After the above comparison, it can be seen that the introduction of the scSE attention block in our network greatly improves the segmentation accuracy, which is the result of the mutual adaptation of each block.

4.2.2. Compared with SOTA Network

We compare U-NET and the SOTA segmentation network, such as Deeplabv3+ [11]. We train U-Net, Deeplabv3+, and our methods in the same environment, and tested them with the same test sets. There are mainly three types of images: targets with small shape, targets with prominent shape, and targets with edge irregular. We visualized the test results of the three models in Table 2.

At the same time, the comparison results of the experiments are shown in Figure 6(b). It can be observed that:(1)For targets with edge irregular, the performance of U-Net is poor, and our method not only can capture features at various scales but also can retain global initial features based on initial semantic features. It can be seen that MSF can effectively supplement the incomplete feature extraction of cascade convolution structure and is more suitable for irregular edge texture targets.(2)For targets with small and prominent shapes, our network and U-Net can adapt well due to the relatively small change in the marginal area. However, in the segmentation task of large targets, MSFA-Net is very sensitive to sudden changes in the edge and is more adaptable.
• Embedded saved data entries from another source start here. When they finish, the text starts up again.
lemma G_dual_sum_indicator:
  fixes A :: "nat \<Rightarrow> 'a set"
  assumes a: "0 < a" and psi: "\<forall>p\<in>{a<..<b}. 0 < \<psi> p"
    and L: "L \<in> G_dual M \<psi> a b" and f: "f \<in> G_space M \<psi> a b"
    and A: "\<And>i. i < n \<Longrightarrow> A i \<in> sets M" and disj: "disjoint_family_on A {..<n}"
  shows "L (\<lambda>x. f x * indicator (\<Union>i<n. A i) x) = (\<Sum>i<n. L (\<lambda>x. f x * indicator (A i) x))"
  using A disj
proof (induction n)
  case 0
  have "L (\<lambda>x. 0 * f x) = 0 * L f"
    using L f by (rule G_dual_scale)
  then show ?case
    by simp
next
  case (Suc n)
  have "\<And>i. i < n \<Longrightarrow> A i \<in> sets M" "disjoint_family_on A {..<n}"
    using Suc.prems by (auto intro: disjoint_family_on_mono[rotated])
  note IH = Suc.IH[OF this]
  have "A n \<inter> A i = {}" if "i < n" for i
    using disjoint_family_onD[OF Suc.prems(2)] that by simp
  then have "A n \<inter> (\<Union>i<n. A i) = {}"
    by blast
  then have split: "(\<lambda>x. f x * indicator (\<Union>i<Suc n. A i) x) =
      (\<lambda>x. f x * indicator (\<Union>i<n. A i) x + f x * indicator (A n) x)"
    by (auto simp: lessThan_Suc indicator_def fun_eq_iff)
  have "(\<lambda>x. f x * indicator (\<Union>i<n. A i) x) \<in> G_space M \<psi> a b"
    "(\<lambda>x. f x * indicator (A n) x) \<in> G_space M \<psi> a b"
    using Suc.prems(1) by (auto intro!: G_space_mult_indicator[OF a psi f])
  then show ?case
    using IH G_dual_add[OF L] by (simp add: split)
qed

section \<open>The dual space is trivial\<close>

lemma powr_floor_log_le:
  fixes y p :: real
  assumes y: "0 < y" and p: "0 \<le> p"
  shows "2 powr (real_of_int \<lfloor>log 2 y\<rfloor> * p) \<le> y powr p"
proof -
  have "2 powr real_of_int \<lfloor>log 2 y\<rfloor> \<le> 2 powr log 2 y"
    by (intro powr_mono) auto
  then have "(2 powr real_of_int \<lfloor>log 2 y\<rfloor>) powr p \<le> y powr p"
    using y p by (intro powr_mono2) auto
  then show ?thesis
    by (simp add: powr_powr)
qed

lemma powr_le_floor_log:
  fixes y p :: real
  assumes y: "0 < y" and p: "0 \<le> p" "p \<le> 1"
  shows "y powr p \<le> 2 * 2 powr (real_of_int \<lfloor>log 2 y\<rfloor> * p)"
proof -
  define k where "k = real_of_int \<lfloor>log 2 y\<rfloor>"
  have "2 powr log 2 y \<le> 2 powr (k + 1)"
    unfolding k_def by (intro powr_mono) linarith+
  then have "y powr p \<le> (2 powr (k + 1)) powr p"
    using y p by (intro powr_mono2) auto
  also have "\<dots> = 2 powr p * 2 powr (k * p)"
    by (simp add: powr_powr powr_add[symmetric] algebra_simps)
  also have "\<dots> \<le> 2 * 2 powr (k * p)"
    using p powr_mono[of p 1 2] by (intro mult_right_mono) auto
  finally show ?thesis
    unfolding k_def .
qed

lemma fmeasurable_abs_ge:
  fixes f :: "'a \<Rightarrow> real"
  assumes f: "f \<in> borel_measurable M" and c: "0 < c" and p: "0 < p"
    and fin: "(\<integral>\<^sup>+x. ennreal (\<bar>f x\<bar> powr p) \<partial>M) < \<infinity>"
  shows "{x\<in>space M. c \<le> \<bar>f x\<bar>} \<in> fmeasurable M"
proof -
  let ?S = "{x\<in>space M. c \<le> \<bar>f x\<bar>}"
  have S: "?S \<in> sets M"
    using f by measurable
  have "ennreal (c powr p) * emeasure M ?S = (\<integral>\<^sup>+x. ennreal (c powr p) * indicator ?S x \<partial>M)"
    using S by (simp add: nn_integral_cmult_indicator)
  also have "\<dots> \<le> (\<integral>\<^sup>+x. ennreal (\<bar>f x\<bar> powr p) \<partial>M)"
    using c p by (intro nn_integral_mono) (auto simp: indicator_def intro!: ennreal_leI powr_mono2)
  finally have "ennreal (c powr p) * emeasure M ?S < \<infinity>"
    using fin by (rule le_less_trans)
  then show ?thesis
    using S c by (auto simp: fmeasurable_def ennreal_mult_less_top)
qed

lemma nn_integral_comp_countable_indicator:
  fixes k :: "'a \<Rightarrow> 'b::countable"
  assumes k: "k \<in> M \<rightarrow>\<^sub>M count_space UNIV" and A: "A \<in> sets M"
  shows "(\<integral>\<^sup>+x. w (k x) * indicator A x \<partial>M) =
    (\<integral>\<^sup>+j. w j * emeasure M (A \<inter> k -` {j}) \<partial>count_space UNIV)"
proof -
  have level: "A \<inter> k -` {j} \<in> sets M" for j
  proof -
    have "A \<inter> k -` {j} = A \<inter> (k -` {j} \<inter> space M)"
      using sets.sets_into_space[OF A] by blast
    then show ?thesis
      using measurable_sets[OF k, of "{j}"] A by auto
  qed
  have "(\<integral>\<^sup>+x. w (k x) * indicator A x \<partial>M) =
      (\<integral>\<^sup>+x. \<integral>\<^sup>+j. w j * indicator (A \<inter> k -` {j}) x \<partial>count_space UNIV \<partial>M)"
  proof (rule nn_integral_cong)
    fix x
    have "(\<integral>\<^sup>+j. w j * indicator (A \<inter> k -` {j}) x \<partial>count_space UNIV) =
        (\<integral>\<^sup>+j. (w j * indicator A x) * indicator {k x} j \<partial>count_space UNIV)"
      by (intro nn_integral_cong) (auto simp: indicator_def)
    then show "w (k x) * indicator A x =
        (\<integral>\<^sup>+j. w j * indicator (A \<inter> k -` {j}) x \<partial>count_space UNIV)"
      by simp
  qed
  also have "\<dots> = (\<integral>\<^sup>+j. \<integral>\<^sup>+x. w j * indicator (A \<inter> k -` {j}) x \<partial>M \<partial>count_space UNIV)"
    using level by (intro nn_integral_count_space_nn_integral) auto
  also have "\<dots> = (\<integral>\<^sup>+j. w j * emeasure M (A \<inter> k -` {j}) \<partial>count_space UNIV)"
    using level by (simp add: nn_integral_cmult_indicator)
  finally show ?thesis .
qed

lemma atomless_split_level_sets:
  fixes k :: "'a \<Rightarrow> 'b::countable" and n :: nat
  assumes at: "atomless M" and k: "k \<in> M \<rightarrow>\<^sub>M count_space UNIV"
    and fin: "\<And>j. Z \<inter> k -` {j} \<in> fmeasurable M" and n: "0 < n"
  shows "\<exists>A. disjoint_family_on A {..<n} \<and> (\<Union>i<n. A i) = Z \<and>
    (\<forall>i<n. A i \<in> sets M \<and> (\<forall>j. emeasure M (A i \<inter> k -` {j}) = ennreal (1 / n) * emeasure M (Z \<inter> k -` {j})))"
proof -
  have "\<forall>j. \<exists>P. disjoint_family_on P {..<n} \<and> (\<Union>i<n. P i) = Z \<inter> k -` {j} \<and>
      (\<forall>i<n. P i \<in> sets M \<and> measure M (P i) = measure M (Z \<inter> k -` {j}) / n)"
    using atomless_equipartition[OF at fin n] by blast
  then obtain P where P: "\<And>j. disjoint_family_on (P j) {..<n}" "\<And>j. (\<Union>i<n. P j i) = Z \<inter> k -` {j}"
    "\<And>i j. i < n \<Longrightarrow> P j i \<in> sets M" "\<And>i j. i < n \<Longrightarrow> measure M (P j i) = measure M (Z \<inter> k -` {j}) / n"
    by metis
  have P_level: "P j i \<subseteq> Z \<inter> k -` {j}" if "i < n" for i j
    using P(2)[of j] that by blast
  define A where "A i = (\<Union>j. P j i)" for i
  have A_level: "A i \<inter> k -` {j} = P j i" if "i < n" for i j
  proof
    show "A i \<inter> k -` {j} \<subseteq> P j i"
      using P_level[OF that] by (auto simp: A_def)
    show "P j i \<subseteq> A i \<inter> k -` {j}"
      using P_level[OF that, of j] by (auto simp: A_def)
  qed
  have "disjoint_family_on A {..<n}"
    unfolding disjoint_family_on_def
  proof (intro ballI impI)
    fix i i' assume i: "i \<in> {..<n}" "i' \<in> {..<n}" "i \<noteq> i'"
    show "A i \<inter> A i' = {}"
    proof (rule ccontr)
      assume "A i \<inter> A i' \<noteq> {}"
      then obtain x j j' where "x \<in> P j i" "x \<in> P j' i'"
        by (auto simp: A_def)
      moreover from this have "k x = j" "k x = j'"
        using P_level[of i j] P_level[of i' j'] i by auto
      ultimately show False
        using disjoint_family_onD[OF P(1) i, of j] by auto
    qed
  qed
  moreover have "(\<Union>i<n. A i) = (\<Union>j. \<Union>i<n. P j i)"
    by (auto simp: A_def)
  then have "(\<Union>i<n. A i) = Z"
    using P(2) by auto
  moreover have "A i \<in> sets M" if "i < n" for i
    using P(3)[OF that] by (auto simp: A_def intro: sets.countable_UN')
  moreover have "emeasure M (A i \<inter> k -` {j}) = ennreal (1 / n) * emeasure M (Z \<inter> k -` {j})"
    if "i < n" for i j
  proof -
    have "P j i \<in> fmeasurable M"
      using fmeasurableI2[OF fin P_level[OF that] P(3)[OF that]] .
    then show ?thesis
      using that fin[of j] P(4)[OF that]
      by (simp add: A_level emeasure_eq_measure2 ennreal_mult'[symmetric])
  qed
  ultimately show ?thesis
    by blast
qed

lemma nn_integral_powr_dyadic_levels_scaled:
  fixes M :: "'a measure" and f :: "'a \<Rightarrow> real" and c :: ennreal
  defines "k \<equiv> \<lambda>x. \<lfloor>log 2 \<bar>f x\<bar>\<rfloor>" and "Z \<equiv> {x\<in>space M. f x \<noteq> 0}"
  assumes f[measurable]: "f \<in> borel_measurable M" and A: "A \<in> sets M" "A \<subseteq> Z"
    and scaled: "\<And>j. emeasure M (A \<inter> k -` {j}) = c * emeasure M (Z \<inter> k -` {j})"
    and p: "0 < p" "p \<le> 1"
  shows "(\<integral>\<^sup>+x. ennreal (\<bar>f x * indicator A x\<bar> powr p) \<partial>M) \<le> 2 * c * (\<integral>\<^sup>+x. ennreal (\<bar>f x\<bar> powr p) \<partial>M)"
proof -
  \<comment> \<open>on each dyadic level set \<open>k -` {j}\<close> the function \<open>\<bar>f\<bar> powr p\<close> lies between \<open>w j\<close> and \<open>2 * w j\<close>\<close>
  define w where "w j = ennreal (2 powr (real_of_int j * p))" for j
  have k[measurable]: "k \<in> M \<rightarrow>\<^sub>M count_space UNIV"
    unfolding k_def by measurable
  have Z[measurable]: "Z \<in> sets M"
    unfolding Z_def by measurable
  have "(\<integral>\<^sup>+x. ennreal (\<bar>f x * indicator A x\<bar> powr p) \<partial>M) \<le> (\<integral>\<^sup>+x. 2 * (w (k x) * indicator A x) \<partial>M)"
  proof (rule nn_integral_mono)
    fix x
    have "x \<in> A \<Longrightarrow> \<bar>f x\<bar> powr p \<le> 2 * 2 powr (real_of_int (k x) * p)"
      using A(2) p powr_le_floor_log[of "\<bar>f x\<bar>" p] by (auto simp: Z_def k_def)
    then have "x \<in> A \<Longrightarrow> ennreal (\<bar>f x\<bar> powr p) \<le> 2 * w (k x)"
      unfolding w_def by (metis ennreal_leI ennreal_mult' ennreal_numeral zero_le_numeral)
    then show "ennreal (\<bar>f x * indicator A x\<bar> powr p) \<le> 2 * (w (k x) * indicator A x)"
      by (auto simp: indicator_def)
  qed
  also have "\<dots> = 2 * (\<integral>\<^sup>+j. w j * emeasure M (A \<inter> k -` {j}) \<partial>count_space UNIV)"
    using A(1) by (simp add: nn_integral_cmult nn_integral_comp_countable_indicator)
  also have "\<dots> = 2 * c * (\<integral>\<^sup>+j. w j * emeasure M (Z \<inter> k -` {j}) \<partial>count_space UNIV)"
    by (simp add: scaled nn_integral_cmult[symmetric] mult.left_commute mult.assoc)
  also have "(\<integral>\<^sup>+j. w j * emeasure M (Z \<inter> k -` {j}) \<partial>count_space UNIV) = (\<integral>\<^sup>+x. w (k x) * indicator Z x \<partial>M)"
    by (simp add: nn_integral_comp_countable_indicator)
  also have "\<dots> \<le> (\<integral>\<^sup>+x. ennreal (\<bar>f x\<bar> powr p) \<partial>M)"
  proof (rule nn_integral_mono)
    fix x
    have "x \<in> Z \<Longrightarrow> 2 powr (real_of_int (k x) * p) \<le> \<bar>f x\<bar> powr p"
      using powr_floor_log_le[of "\<bar>f x\<bar>" p] p by (simp add: k_def Z_def)
    then show "w (k x) * indicator Z x \<le> ennreal (\<bar>f x\<bar> powr p)"
      by (auto simp: w_def indicator_def intro: ennreal_leI)
  qed
  finally show ?thesis
    by (simp add: mult_left_mono)
qed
4.2.3. Parameters and FLOPs

In the comparison of model parameters, shown in Table 3, we make parallel splicing of dilated convolution structures of different rates and extract features from multiple scales. Compared with the traditional convolution, the parameters are much less, and in the above decoder structure, we do not do too many upsampling operations but use the initial features to correct the weight relationship between the space and the channel. Our method makes a great contribution to reducing the number of parameters.

5. Conclusion and Future Work

We propose a multiscale fusion and attention mechanism image segmentation neural network (MSFA-Net) method, which combines the encoder and decoder structure, and the attention mechanism to provide an auxiliary diagnosis method for medical images with better performance and fewer parameters. Our method can segment lesions of different sizes and irregularities and has good adaptability to sudden changes in texture. Inspired by the existing space and channel attention, we introduce the scSE block, which is more friendly to the segmentation task, to improve our network accuracy. We propose a multiscale fusion block that implicitly fuses feature maps of multiple scales to obtain pixel-level spatial position relationships. The experimental results show that our method has higher accuracy than U-Net, which verifies the effectiveness of the model in this paper. Compared with advanced semantic segmentation models (such as Deepabv3+), MSFA-Net has considerable segmentation accuracy.

To promote the proposed method in the future, we need to increase the data set samples to achieve large data analysis. In addition, the generalization performance of the proposed method for similar data sets needs to be further improved. Therefore, future research should investigate large-scale databases and task-similar data sets and conduct more detailed research on convolution network-based methods.

Data Availability

The data are available from the corresponding author upon request.

Conflicts of Interest

The authors declare that they have no conflicts of interest.


This work was supported in part by West Light Foundation of the Chinese Academy of Science, in part by Research Foundation of the Natural Foundation of Chongqing City (cstc2021jcyj-msxmX0146), in part by Scientific and Technological Research Program of Chongqing Municipal Education Commission (KJZD-K201901504 and KJQN201901537), in part by Scientific and Technological Research Program of Luzhou City (2021-JYJ-92), and in part by research project supported by Shanxi Scholarship Council of China (2020-139).